lemma has_sum_multiples_iff:
  fixes f :: "nat \<Rightarrow> 'a::topological_comm_monoid_add"
  assumes "0 < k"
  shows "((\<lambda>c. if k dvd c then f c else 0) has_sum S) {1..} \<longleftrightarrow> ((\<lambda>c. f (k * c)) has_sum S) {1..}"
proof -
  have inj: "inj_on (\<lambda>c. k * c) {1..}"
    using assms by (auto simp: inj_on_def)
  have "((\<lambda>c. if k dvd c then f c else 0) has_sum S) {1..}
        \<longleftrightarrow> ((\<lambda>c. if k dvd c then f c else 0) has_sum S) ((\<lambda>c. k * c) ` {1..})"
    using assms by (intro has_sum_cong_neutral) (auto simp: Suc_le_eq)
  also have "\<dots> \<longleftrightarrow> ((\<lambda>c. f (k * c)) has_sum S) {1..}"
    by (subst has_sum_reindex[OF inj]) (simp add: o_def)
  finally show ?thesis .
qed

lemma riemann_zeta_real_has_sum:
  assumes "1 < s"
  shows "((\<lambda>k::nat. real k powr (- s)) has_sum riemann_zeta_real s) {1..}"
proof -
  have "summable (\<lambda>k::nat. real k powr (- s))"
    using assms by (subst summable_real_powr_iff) auto
  then have "summable (\<lambda>k::nat. real (Suc k) powr (- s))"
    by (subst summable_Suc_iff)
  then have "((\<lambda>k::nat. real (Suc k) powr (- s)) has_sum riemann_zeta_real s) UNIV"
    unfolding riemann_zeta_real_def by (intro sums_nonneg_imp_has_sum) auto
  moreover have "range Suc = {1..}"
    by (auto simp: image_iff Suc_le_eq gr0_conv_Suc)
  ultimately show ?thesis
    using has_sum_reindex[of Suc UNIV "\<lambda>k. real k powr (- s)"] by (simp add: o_def)
qed

lemma hurwitz_zeta_real_has_sum:
  assumes "1 < s" "0 < a"
  shows "((\<lambda>j::nat. (real j + a) powr (- s)) has_sum hurwitz_zeta_real s a) UNIV"
proof -
  have "summable (\<lambda>j::nat. real j powr (- s))"
    using assms by (subst summable_real_powr_iff) auto
  then have "summable (\<lambda>j::nat. (real j + a) powr (- s))"
    by (rule summable_comparison_test'[where N = 1]) (use assms in \<open>auto intro!: powr_mono2'\<close>)
  then show ?thesis
    unfolding hurwitz_zeta_real_def by (intro sums_nonneg_imp_has_sum) auto
qed

lemma int_powi_has_sum:
  assumes "P \<le> -2"
  shows "((\<lambda>m::int. real_of_int m powi P) has_sum
           (if even P then 2 * riemann_zeta_real (- P) else 0)) UNIV"
proof -
  have "((\<lambda>k::nat. real k powr real_of_int P) has_sum riemann_zeta_real (- P)) {1..}"
    using riemann_zeta_real_has_sum[of "- P"] assms by simp
  then have nat: "((\<lambda>k::nat. real k powi P) has_sum riemann_zeta_real (- P)) {1..}"
    by (rule has_sum_cong[THEN iffD1, rotated]) (simp add: powr_real_of_int')
  have pos: "((\<lambda>m::int. real_of_int m powi P) has_sum riemann_zeta_real (- P)) {1..}"
  proof -
    have "int ` {1..} = {1::int..}"
      by (auto intro!: image_eqI[where x = "nat x" for x])
    then show ?thesis
      using nat has_sum_reindex[of int "{1..}" "\<lambda>m. real_of_int m powi P"] by (simp add: o_def)
  qed
  have neg: "((\<lambda>m::int. real_of_int m powi P) has_sum
               ((if even P then 1 else -1) * riemann_zeta_real (- P))) (uminus ` {1..})"
  proof -
    have inj: "inj_on (uminus :: int \<Rightarrow> int) {1..}"
      by simp
    have "real_of_int (- m) powi P = (if even P then 1 else -1) * real_of_int m powi P" for m
      by (simp add: power_int_minus_left)
    then show ?thesis
      unfolding has_sum_reindex[OF inj] using has_sum_cmult_right[OF pos] by (simp add: o_def)
  qed
  have zero: "((\<lambda>m::int. real_of_int m powi P) has_sum 0) {0}"
    using assms by (simp add: has_sum_finite_iff)
  have "UNIV = ({0} \<union> {1::int..}) \<union> uminus ` {1..}"
    by auto
  moreover have "((\<lambda>m::int. real_of_int m powi P) has_sum
      (0 + riemann_zeta_real (- P) + (if even P then 1 else -1) * riemann_zeta_real (- P)))
      (({0} \<union> {1::int..}) \<union> uminus ` {1..})"
    by (intro has_sum_Un_disjoint zero pos neg) auto
  ultimately show ?thesis
    by auto
qed
(* For every fixed integer $r\ge 2$, \[ \frac{z_{\mathcal{R}^{(r)}}(\mathbb{RM}^{(r)}_{n})}{n}\longrightarrow \frac{(r-1)!}{r^{r-1}}\quad\text{in probability as } n\to\infty . \] Equivalently, the size of a largest $r$-partite sub-matching of $\mathbb{RM}^{(r)}_{n}$ is asymptotic (in probability) to $\frac{(r-1)!}{r^{r-1}}n$.
   Context: An ordered $r$-matching of size $n$ is a set of $n$ pairwise disjoint $r$-element subsets (edges) of a linearly ordered vertex set of size $rn$, with no other vertices; $\mathcal{M}^{(r)}_n$ denotes the set of all ordered $r$-matchings on $[rn]$, and $\mathbb{RM}^{(r)}_n$ denotes a matching chosen uniformly at random from $\mathcal{M}^{(r)}_n$. An ordered matching can be written as a word: each edge gets a letter, and each vertex is replaced by the letter of its edge. An $r$-pattern is an ordered $r$-matching of size 2, written as a word over $\{A,B\}$ with each letter appearing $r$ times and beginning with $A$. Two disjoint edges $e,f$ of an ordered matching form the pattern $P$ if the matching $\{e,f\}$ (with the induced order) is order-isomorphic to $P$. For a set $\mathcal{P}$ of $r$-patterns, a $\mathcal{P}$-clique is an ordered $r$-matching in which every pair of edges forms a pattern belonging to $\mathcal{P}$; $z_{\mathcal{P}}(M)$ is the largest size of a $\mathcal{P}$-clique contained in $M$ (as a sub-matching). An $r$-pattern is $r$-partite if it is of the form $S_1S_2\cdots S_r$ with each $S_i\in\{AB,BA\}$ (and $S_1=AB$); $\mathcal{R}^{(r)}$ denotes the set of all $2^{r-1}$ $r$-partite $r$-patterns. An ordered $r$-matching of size $m$ is $r$-partite if each edge contains exactly one vertex from each of the $r$ consecutive blocks of $m$ vertices. *)

theory Defs
  imports "HOL-Probability.Probability"
begin
(* Assume $\mathcal S\subseteq\mathcal D$. Let $F\in\mathbb R^{d\times s}$, $H=BFC$, $\bar F=F\bar C$, $\bar H=\bar B\bar F$, and consider the closed-loop systems $e[k+1]=(I_{2n}-H)e[k]$ (closed loop of $\Sigma^1$ under $u=-Fy$) and $\bar e[k+1]=(I_s-\bar H)\bar e[k]$ (closed loop of $\Sigma^2$ under $u=-\bar F\bar e$). Suppose every eigenvalue $\lambda$ of $\bar H$ satisfies $|\lambda-1|<1$. Then: (i) every trajectory of $\bar e[k+1]=(I_s-\bar H)\bar e[k]$ converges to $0$ exponentially; (ii) the system $e[k+1]=(I_{2n}-H)e[k]$ is stable in the sense of Lyapunov (all trajectories remain bounded; equivalently all eigenvalues of $I_{2n}-H$ have modulus at most $1$ and those of modulus $1$ are semisimple); (iii) for every trajectory of $e[k+1]=(I_{2n}-H)e[k]$ and every $p\in\mathcal S$, the component $e_p[k]$ converges to $0$ exponentially.
   Context: Standing setup. Let $n\ge 1$ and consider a radial distribution network modeled as a tree with root node $0$ (the substation), non-root nodes $\mathcal N=\{1,\dots,n\}$, and edge set $\mathcal L$; each edge $(i,j)\in\mathcal L$ has resistance $r_{ij}\in\mathbb R$ and reactance $x_{ij}\in\mathbb R$. For a node $i$, $\mathcal L_i$ denotes the set of edges on the unique path from node $0$ to node $i$. Define $R^0,X^0\in\mathbb R^{n\times n}$ by $R^0_{ij}=2\sum_{(w,t)\in\mathcal L_i\cap\mathcal L_j} r_{wt}$ and $X^0_{ij}=2\sum_{(w,t)\in\mathcal L_i\cap\mathcal L_j} x_{wt}$. Let $\mathcal D_1\subseteq\mathcal N$ (nodes with a DER) and $\mathcal S_1\subseteq\mathcal N$ (nodes with a sensor) be nonempty, listed in increasing order; let $\mathcal D_2=\{i+n: i\in\mathcal D_1\}$, $\mathcal S_2=\{i+n:i\in\mathcal S_1\}$, $\mathcal D=\mathcal D_1\cup\mathcal D_2$, $\mathcal S=\mathcal S_1\cup\mathcal S_2$ (subsets of $\{1,\dots,2n\}$, listed in increasing order), $d=|\mathcal D|$, $s=|\mathcal S|$, $\overline{\mathcal D}=\{1,\dots,2n\}\setminus\mathcal D$, $\overline{\mathcal S}=\{1,\dots,2n\}\setminus\mathcal S$. For an increasingly ordered set $\Omega=\{i_1,\dots,i_g\}\subseteq\{1,\dots,c\}$, let $\Gamma_c(\Omega)=[\mathfrak e_{i_1}\ \cdots\ \mathfrak e_{i_g}]\in\mathbb R^{c\times g}$, where $\mathfrak e_\omega$ is the $\omega$-th standard basis vector of $\mathbb R^c$. Set $T^d=\Gamma_n(\mathcal D_1)$, $R=R^0T^d$, $X=X^0T^d\in\mathbb R^{n\times d/2}$, $T^s=\Gamma_{2n}(\mathcal S)^\top\in\mathbb R^{s\times 2n}$, and $A=I_{2n}$, $B=\begin{bmatrix}X & R\\ -\tfrac12 R & \tfrac12 X\end{bmatrix}\in\mathbb R^{2n\times d}$, $C=T^s$. The system $\Sigma^1$ is $e[k+1]=Ae[k]+Bu[k]$, $y[k]=Ce[k]$ with state $e[k]\in\mathbb R^{2n}$, input $u[k]\in\mathbb R^d$, output $y[k]\in\mathbb R^s$. Define the permutation matrix $T=[\Gamma_{2n}(\mathcal S\cap\mathcal D),\ \Gamma_{2n}(\mathcal S\cap\overline{\mathcal D}),\ \Gamma_{2n}(\overline{\mathcal S}\cap\mathcal D),\ \Gamma_{2n}(\overline{\mathcal S}\cap\overline{\mathcal D})]\in\mathbb R^{2n\times 2n}$ (each intersection listed in increasing order) and $G=\Gamma_{2n}(\{1,\dots,s\})\in\mathbb R^{2n\times s}$. The reduced system $\Sigma^2$ has $\bar A=I_s$, $\bar B=G^\top T^{-1}B\in\mathbb R^{s\times d}$, $\bar C=CTG\in\mathbb R^{s\times s}$, and reduced state $\bar e=G^\top T^{-1}e\in\mathbb R^s$. *)

theory Defs
  imports "Jordan_Normal_Form.Char_Poly" "Jordan_Normal_Form.Gauss_Jordan_Elimination"
begin

(* The edges are (par i, i), i = 1..n; r i, x i are the resistance / reactance of the
   edge (par i, i).
   JNF matrices/vectors are 0-indexed: paper index i (1-based) corresponds to JNF index i-1. *)

definition is_rooted_tree :: "nat \<Rightarrow> (nat \<Rightarrow> nat) \<Rightarrow> bool" where
  "is_rooted_tree n par \<longleftrightarrow> par 0 = 0 \<and> (\<forall>i\<in>{1..n}. par i \<le> n) \<and>
     (\<forall>i\<in>{1..n}. \<exists>k. (par ^^ k) i = 0)"

(* non-root nodes on the path from 0 to i; the edges of L_i are (par w, w) for w in this set *)
definition path_nodes :: "(nat \<Rightarrow> nat) \<Rightarrow> nat \<Rightarrow> nat set" where
  "path_nodes par i = {(par ^^ k) i | k. True} - {0}"

definition path_mat :: "nat \<Rightarrow> (nat \<Rightarrow> nat) \<Rightarrow> (nat \<Rightarrow> real) \<Rightarrow> real mat" where
  "path_mat n par r = mat n n (\<lambda>(i, j). 2 * (\<Sum>w \<in> path_nodes par (i+1) \<inter> path_nodes par (j+1). r w))"

(* Gamma for a list of (1-based) indices: column b is the standard basis vector e_{xs!b} *)
definition GammaL :: "nat \<Rightarrow> nat list \<Rightarrow> real mat" where
  "GammaL c xs = mat c (length xs) (\<lambda>(a, b). if a + 1 = xs ! b then 1 else 0)"
(* Every $G$-invariant proper ideal of $\mathcal{A}(D)$ is contained in $\mathcal{V}(D)$.
   Context: Let $G$ be a group generated by a conjugacy class $D$ of involutions such that for all $d,e\in D$ the order of $de$ is $1$, $2$ or $3$. Lines of the Fischer space on $D$ are triples $\{d,e,d^e\}$ with $d,e\in D$ non-commuting. $\mathcal{A}(D)$ is the $\mathbb{F}_2$-vector space with basis $D$ (finite subsets of $D$ under symmetric difference), with bilinear product determined by $d*e=d+e+f$ if $\{d,e,f\}$ is a line and $d*e=0$ otherwise. $G$ acts on $\mathcal{A}(D)$ by linearly extending conjugation on $D$. The bilinear form $\langle\cdot,\cdot\rangle$ is determined by $\langle d,e\rangle=1$ if $d,e$ do not commute and $0$ otherwise; $\mathcal{V}(D)$ is its radical. *)

theory Defs
  imports "HOL-Algebra.Algebra"
begin

text \<open>Elements of the F_2-vector space A(D): finite subsets of D (addition = symmetric difference).\<close>
definition algA :: "'a set \<Rightarrow> 'a set set" where
  "algA D = {a. a \<subseteq> D \<and> finite a}"

definition conjg :: "('a, 'b) monoid_scheme \<Rightarrow> 'a \<Rightarrow> 'a \<Rightarrow> 'a" where
  "conjg G d e = inv\<^bsub>G\<^esub> e \<otimes>\<^bsub>G\<^esub> d \<otimes>\<^bsub>G\<^esub> e"

definition commute :: "('a, 'b) monoid_scheme \<Rightarrow> 'a \<Rightarrow> 'a \<Rightarrow> bool" where
  "commute G d e \<longleftrightarrow> d \<otimes>\<^bsub>G\<^esub> e = e \<otimes>\<^bsub>G\<^esub> d"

::::::::::

WHAT TO WORK ON
Show the lines in the entries above that include the string "lemma".

SOLUTION FOR THIS PROBLEM
lemma has_sum_multiples_iff:
lemma riemann_zeta_real_has_sum:
lemma hurwitz_zeta_real_has_sum:
lemma int_powi_has_sum:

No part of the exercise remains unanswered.